= WHAT TO DO =
Find every line with the string "same" in the material below and copy it.

= EXERCISE MATERIALS =
Content starts

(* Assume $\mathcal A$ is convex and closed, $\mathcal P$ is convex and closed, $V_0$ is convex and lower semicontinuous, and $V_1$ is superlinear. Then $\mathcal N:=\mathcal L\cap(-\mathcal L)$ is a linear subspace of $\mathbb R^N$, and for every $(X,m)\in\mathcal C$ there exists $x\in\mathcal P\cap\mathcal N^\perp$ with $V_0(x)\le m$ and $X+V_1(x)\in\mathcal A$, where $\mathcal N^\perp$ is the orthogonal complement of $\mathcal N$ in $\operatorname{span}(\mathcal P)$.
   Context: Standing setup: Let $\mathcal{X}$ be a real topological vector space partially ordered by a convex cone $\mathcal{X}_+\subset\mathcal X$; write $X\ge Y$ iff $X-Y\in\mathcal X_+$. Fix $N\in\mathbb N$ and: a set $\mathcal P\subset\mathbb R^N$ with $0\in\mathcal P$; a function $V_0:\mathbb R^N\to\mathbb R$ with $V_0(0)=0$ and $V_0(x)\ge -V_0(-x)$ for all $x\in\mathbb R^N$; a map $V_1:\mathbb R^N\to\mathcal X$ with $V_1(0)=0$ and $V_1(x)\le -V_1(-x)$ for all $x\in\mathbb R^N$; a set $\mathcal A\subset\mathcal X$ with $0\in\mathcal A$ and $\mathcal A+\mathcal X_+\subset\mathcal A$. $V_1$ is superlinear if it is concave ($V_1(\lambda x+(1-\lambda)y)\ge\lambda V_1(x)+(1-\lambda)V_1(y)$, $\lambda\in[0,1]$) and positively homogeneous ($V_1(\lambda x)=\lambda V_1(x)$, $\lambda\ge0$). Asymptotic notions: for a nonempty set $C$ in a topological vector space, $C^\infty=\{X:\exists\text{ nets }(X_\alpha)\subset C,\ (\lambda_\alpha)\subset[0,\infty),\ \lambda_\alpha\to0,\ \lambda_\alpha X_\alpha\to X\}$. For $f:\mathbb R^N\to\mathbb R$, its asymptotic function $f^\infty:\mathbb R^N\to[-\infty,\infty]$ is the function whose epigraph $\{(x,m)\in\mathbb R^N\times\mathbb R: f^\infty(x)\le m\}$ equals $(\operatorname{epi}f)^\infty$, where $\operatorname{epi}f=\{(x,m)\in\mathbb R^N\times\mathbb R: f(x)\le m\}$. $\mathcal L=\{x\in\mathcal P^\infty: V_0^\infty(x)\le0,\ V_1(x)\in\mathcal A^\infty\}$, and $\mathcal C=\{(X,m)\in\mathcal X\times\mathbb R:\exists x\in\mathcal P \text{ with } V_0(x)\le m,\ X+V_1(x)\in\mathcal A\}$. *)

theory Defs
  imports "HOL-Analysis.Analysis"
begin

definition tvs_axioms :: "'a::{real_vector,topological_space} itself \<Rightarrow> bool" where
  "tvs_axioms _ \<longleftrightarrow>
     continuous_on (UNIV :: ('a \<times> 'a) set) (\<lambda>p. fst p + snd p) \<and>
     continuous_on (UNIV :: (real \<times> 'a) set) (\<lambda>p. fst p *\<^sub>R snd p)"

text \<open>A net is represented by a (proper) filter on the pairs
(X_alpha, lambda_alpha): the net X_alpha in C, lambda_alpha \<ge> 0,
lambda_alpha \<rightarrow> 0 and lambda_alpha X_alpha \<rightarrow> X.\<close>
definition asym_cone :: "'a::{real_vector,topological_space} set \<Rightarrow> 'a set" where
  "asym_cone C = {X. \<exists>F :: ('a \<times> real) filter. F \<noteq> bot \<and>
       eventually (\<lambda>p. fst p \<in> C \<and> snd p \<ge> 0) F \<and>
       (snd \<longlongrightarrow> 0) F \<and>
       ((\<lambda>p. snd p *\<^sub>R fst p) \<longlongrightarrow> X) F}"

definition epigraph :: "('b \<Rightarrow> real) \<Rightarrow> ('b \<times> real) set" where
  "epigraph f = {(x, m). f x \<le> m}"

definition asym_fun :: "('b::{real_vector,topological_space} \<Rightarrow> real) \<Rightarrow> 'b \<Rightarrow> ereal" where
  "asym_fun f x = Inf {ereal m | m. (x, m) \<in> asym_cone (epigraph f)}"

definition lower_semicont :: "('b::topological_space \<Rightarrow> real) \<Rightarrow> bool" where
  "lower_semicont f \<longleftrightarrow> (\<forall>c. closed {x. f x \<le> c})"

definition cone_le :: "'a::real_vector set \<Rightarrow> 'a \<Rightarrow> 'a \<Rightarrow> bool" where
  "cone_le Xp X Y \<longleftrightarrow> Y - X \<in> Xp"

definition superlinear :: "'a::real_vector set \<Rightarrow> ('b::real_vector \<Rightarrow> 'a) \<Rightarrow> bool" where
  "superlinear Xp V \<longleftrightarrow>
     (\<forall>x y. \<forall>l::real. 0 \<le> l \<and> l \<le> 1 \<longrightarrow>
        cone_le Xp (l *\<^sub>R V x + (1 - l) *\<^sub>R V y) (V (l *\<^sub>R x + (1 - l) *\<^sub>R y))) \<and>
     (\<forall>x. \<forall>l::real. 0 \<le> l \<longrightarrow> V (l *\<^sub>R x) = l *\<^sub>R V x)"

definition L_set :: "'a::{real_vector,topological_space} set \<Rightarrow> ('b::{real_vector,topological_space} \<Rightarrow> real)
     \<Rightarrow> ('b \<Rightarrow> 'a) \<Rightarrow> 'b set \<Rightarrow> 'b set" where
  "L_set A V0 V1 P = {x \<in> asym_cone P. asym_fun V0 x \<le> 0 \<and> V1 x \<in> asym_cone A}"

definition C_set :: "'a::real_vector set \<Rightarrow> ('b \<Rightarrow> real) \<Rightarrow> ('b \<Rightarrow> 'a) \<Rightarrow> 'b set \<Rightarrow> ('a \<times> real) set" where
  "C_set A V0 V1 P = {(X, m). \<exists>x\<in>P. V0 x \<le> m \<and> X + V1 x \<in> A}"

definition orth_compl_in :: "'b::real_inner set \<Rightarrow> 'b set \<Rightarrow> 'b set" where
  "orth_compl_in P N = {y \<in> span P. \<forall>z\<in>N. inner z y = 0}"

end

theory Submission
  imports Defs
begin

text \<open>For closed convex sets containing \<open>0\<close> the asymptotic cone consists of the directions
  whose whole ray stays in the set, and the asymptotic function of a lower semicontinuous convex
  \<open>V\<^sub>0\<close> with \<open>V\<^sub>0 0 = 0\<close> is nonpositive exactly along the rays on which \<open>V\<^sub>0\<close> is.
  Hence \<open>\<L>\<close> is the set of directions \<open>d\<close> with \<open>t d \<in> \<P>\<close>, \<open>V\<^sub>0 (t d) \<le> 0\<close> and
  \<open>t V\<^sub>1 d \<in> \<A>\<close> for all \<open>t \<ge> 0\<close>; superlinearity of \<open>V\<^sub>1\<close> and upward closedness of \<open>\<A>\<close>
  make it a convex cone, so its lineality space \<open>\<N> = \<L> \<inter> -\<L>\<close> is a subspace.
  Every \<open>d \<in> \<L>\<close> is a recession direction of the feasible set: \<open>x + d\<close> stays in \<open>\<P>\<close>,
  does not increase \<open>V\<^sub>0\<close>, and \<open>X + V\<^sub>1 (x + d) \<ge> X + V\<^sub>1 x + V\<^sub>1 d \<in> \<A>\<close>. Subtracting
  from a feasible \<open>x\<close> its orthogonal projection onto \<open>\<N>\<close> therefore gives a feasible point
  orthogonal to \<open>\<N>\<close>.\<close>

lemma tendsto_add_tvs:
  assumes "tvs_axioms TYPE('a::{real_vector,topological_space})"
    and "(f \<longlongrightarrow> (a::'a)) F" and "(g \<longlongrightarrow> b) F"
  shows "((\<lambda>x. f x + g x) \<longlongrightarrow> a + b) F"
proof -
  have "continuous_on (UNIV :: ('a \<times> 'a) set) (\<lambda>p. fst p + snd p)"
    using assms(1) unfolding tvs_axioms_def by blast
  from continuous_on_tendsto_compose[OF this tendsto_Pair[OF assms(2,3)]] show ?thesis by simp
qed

Content ends
Content starts

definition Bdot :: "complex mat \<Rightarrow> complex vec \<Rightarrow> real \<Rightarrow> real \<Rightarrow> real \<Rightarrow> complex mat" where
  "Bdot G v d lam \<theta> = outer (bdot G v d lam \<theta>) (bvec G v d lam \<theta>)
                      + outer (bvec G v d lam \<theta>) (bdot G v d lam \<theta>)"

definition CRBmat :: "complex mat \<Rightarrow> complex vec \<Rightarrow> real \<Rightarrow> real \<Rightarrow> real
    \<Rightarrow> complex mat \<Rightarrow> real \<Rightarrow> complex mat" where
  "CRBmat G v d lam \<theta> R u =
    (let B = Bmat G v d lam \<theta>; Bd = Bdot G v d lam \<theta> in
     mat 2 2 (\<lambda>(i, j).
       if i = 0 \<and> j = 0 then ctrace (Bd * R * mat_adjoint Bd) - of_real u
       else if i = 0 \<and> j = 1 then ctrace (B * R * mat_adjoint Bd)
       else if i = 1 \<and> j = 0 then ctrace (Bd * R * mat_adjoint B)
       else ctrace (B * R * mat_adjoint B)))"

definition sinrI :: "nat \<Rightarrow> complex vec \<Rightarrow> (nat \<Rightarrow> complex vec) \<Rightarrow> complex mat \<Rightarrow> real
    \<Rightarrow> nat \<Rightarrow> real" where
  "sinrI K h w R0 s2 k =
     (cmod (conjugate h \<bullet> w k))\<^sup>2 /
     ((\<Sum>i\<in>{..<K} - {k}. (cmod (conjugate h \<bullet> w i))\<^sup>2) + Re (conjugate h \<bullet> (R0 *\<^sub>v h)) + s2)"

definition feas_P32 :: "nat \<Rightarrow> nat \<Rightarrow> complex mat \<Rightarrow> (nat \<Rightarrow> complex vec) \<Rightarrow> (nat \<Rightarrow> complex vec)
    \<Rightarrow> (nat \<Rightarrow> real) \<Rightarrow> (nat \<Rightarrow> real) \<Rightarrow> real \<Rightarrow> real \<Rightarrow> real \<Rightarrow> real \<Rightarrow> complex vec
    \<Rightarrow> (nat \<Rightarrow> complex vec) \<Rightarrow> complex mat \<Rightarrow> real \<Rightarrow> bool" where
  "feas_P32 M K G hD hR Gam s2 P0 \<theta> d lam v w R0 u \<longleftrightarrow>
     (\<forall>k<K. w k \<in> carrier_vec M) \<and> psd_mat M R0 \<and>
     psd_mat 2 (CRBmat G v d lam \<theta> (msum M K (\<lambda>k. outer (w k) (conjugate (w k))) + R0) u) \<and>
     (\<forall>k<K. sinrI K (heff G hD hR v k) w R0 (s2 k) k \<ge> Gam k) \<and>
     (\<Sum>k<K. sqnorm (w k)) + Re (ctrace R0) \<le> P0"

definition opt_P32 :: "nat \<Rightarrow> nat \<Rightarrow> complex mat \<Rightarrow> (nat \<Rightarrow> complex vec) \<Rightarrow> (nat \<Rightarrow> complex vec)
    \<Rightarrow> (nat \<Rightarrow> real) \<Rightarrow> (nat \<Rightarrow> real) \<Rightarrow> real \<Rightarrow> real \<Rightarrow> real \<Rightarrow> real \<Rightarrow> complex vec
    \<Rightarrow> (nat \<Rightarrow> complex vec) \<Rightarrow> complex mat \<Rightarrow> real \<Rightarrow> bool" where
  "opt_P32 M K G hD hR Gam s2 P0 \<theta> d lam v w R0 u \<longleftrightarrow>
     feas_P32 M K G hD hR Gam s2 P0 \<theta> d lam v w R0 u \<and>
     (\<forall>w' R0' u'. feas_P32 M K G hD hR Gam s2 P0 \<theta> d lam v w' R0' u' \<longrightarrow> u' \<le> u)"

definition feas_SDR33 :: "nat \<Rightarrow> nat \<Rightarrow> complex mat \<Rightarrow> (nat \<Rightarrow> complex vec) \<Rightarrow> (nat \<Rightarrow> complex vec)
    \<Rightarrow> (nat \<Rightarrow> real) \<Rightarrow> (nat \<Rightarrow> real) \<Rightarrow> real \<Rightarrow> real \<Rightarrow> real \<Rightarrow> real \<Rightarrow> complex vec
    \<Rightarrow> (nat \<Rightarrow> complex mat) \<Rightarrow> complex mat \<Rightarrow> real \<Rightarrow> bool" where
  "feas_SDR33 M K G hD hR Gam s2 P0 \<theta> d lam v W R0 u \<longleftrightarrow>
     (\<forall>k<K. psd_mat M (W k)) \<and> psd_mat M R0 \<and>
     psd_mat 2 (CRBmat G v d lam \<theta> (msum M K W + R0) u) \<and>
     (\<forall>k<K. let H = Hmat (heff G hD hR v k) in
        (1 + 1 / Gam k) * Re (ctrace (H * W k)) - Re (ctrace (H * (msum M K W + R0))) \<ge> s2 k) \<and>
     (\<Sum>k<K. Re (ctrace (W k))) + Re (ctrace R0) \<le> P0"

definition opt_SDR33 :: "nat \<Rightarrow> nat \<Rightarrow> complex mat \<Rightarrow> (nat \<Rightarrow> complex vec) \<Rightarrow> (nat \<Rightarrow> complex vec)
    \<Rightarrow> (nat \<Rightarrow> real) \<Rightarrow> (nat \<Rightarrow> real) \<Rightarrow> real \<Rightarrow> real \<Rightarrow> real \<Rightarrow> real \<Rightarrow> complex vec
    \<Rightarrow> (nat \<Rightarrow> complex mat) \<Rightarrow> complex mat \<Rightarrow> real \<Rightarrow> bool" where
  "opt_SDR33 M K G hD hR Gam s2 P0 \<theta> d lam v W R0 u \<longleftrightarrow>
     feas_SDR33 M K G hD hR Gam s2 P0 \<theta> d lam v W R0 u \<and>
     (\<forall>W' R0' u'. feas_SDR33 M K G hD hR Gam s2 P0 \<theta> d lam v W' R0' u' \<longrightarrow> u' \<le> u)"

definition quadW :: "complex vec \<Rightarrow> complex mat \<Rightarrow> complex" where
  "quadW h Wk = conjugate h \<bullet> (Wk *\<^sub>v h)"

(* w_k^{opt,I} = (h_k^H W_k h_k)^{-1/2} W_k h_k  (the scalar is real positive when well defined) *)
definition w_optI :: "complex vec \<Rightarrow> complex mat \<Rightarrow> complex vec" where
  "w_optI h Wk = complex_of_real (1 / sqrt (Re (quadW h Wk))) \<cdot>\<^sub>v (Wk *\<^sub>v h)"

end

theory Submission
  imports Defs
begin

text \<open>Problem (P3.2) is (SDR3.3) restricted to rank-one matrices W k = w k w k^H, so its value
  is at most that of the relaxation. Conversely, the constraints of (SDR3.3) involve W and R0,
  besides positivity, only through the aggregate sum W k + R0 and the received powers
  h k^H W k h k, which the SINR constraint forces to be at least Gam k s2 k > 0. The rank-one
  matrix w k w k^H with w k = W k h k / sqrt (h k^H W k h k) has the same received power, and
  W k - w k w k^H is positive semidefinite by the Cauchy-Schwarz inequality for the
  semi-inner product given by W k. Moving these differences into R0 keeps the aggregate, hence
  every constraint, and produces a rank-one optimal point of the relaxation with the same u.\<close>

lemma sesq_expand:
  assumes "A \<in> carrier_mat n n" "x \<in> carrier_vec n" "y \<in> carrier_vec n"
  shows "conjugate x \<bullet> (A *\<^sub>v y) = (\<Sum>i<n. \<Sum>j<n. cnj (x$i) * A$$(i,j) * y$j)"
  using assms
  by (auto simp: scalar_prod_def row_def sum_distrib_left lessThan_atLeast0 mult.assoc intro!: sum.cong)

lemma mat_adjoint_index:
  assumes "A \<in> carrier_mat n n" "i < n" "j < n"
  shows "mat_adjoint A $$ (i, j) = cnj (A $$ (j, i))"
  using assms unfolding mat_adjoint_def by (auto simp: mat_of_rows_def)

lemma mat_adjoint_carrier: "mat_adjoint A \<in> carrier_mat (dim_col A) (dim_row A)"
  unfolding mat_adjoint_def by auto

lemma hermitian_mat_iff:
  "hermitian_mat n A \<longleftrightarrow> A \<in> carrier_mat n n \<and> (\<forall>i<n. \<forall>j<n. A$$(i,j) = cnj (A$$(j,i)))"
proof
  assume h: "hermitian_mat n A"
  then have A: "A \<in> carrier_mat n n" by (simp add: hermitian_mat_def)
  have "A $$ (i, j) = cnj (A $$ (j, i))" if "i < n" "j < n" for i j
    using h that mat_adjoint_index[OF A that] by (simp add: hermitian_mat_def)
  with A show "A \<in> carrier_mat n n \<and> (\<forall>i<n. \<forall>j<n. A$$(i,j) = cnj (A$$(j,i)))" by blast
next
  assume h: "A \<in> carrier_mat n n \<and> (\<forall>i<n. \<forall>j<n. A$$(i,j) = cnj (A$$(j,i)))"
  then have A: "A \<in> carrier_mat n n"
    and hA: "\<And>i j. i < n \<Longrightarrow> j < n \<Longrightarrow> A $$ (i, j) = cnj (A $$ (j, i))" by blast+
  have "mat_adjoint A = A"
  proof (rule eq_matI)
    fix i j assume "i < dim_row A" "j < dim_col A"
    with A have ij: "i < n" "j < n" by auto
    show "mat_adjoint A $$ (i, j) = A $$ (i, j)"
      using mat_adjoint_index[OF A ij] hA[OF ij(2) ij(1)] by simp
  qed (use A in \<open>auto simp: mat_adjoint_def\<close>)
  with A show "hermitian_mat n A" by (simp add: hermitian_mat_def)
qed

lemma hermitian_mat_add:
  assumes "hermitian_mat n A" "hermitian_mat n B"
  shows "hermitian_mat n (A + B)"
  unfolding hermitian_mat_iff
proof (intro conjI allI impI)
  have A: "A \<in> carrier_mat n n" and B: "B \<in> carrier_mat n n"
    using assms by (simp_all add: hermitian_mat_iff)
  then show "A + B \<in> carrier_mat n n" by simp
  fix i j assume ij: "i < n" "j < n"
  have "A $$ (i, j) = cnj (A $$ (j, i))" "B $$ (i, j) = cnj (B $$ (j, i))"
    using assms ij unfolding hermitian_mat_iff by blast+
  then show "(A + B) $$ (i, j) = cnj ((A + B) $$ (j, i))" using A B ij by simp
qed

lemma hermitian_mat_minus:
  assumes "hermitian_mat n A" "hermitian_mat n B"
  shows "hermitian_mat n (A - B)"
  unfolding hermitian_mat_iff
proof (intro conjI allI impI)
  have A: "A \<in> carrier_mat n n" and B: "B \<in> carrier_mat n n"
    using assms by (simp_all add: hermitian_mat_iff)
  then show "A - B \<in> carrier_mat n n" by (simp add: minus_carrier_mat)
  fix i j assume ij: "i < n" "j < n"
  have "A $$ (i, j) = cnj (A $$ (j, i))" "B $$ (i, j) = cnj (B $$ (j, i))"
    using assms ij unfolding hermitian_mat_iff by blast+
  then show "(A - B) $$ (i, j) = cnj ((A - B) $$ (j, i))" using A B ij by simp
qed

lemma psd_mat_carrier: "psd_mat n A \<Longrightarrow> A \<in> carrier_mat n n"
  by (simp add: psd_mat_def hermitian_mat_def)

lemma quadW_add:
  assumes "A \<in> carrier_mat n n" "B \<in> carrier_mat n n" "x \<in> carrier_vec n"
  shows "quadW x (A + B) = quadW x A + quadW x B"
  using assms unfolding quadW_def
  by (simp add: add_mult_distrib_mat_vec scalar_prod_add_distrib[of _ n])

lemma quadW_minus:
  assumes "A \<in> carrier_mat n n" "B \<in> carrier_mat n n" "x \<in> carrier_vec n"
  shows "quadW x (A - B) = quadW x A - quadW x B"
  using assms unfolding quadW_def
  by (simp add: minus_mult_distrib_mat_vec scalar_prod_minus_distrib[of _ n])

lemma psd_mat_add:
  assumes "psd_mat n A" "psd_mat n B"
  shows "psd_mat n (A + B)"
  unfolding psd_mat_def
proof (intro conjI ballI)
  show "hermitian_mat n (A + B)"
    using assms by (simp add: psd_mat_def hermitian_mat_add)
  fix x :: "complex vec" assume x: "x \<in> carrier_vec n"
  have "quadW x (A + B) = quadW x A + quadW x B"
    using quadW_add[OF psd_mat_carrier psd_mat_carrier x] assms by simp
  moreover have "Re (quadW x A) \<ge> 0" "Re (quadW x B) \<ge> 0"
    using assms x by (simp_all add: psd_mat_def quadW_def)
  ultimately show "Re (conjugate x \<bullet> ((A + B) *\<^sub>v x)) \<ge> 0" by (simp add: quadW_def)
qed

Content ends

= RESULT BELOW =
  matrix w k w k^H with w k = W k h k / sqrt (h k^H W k h k) has the same received power, and
  every constraint, and produces a rank-one optimal point of the relaxation with the same u.\<close>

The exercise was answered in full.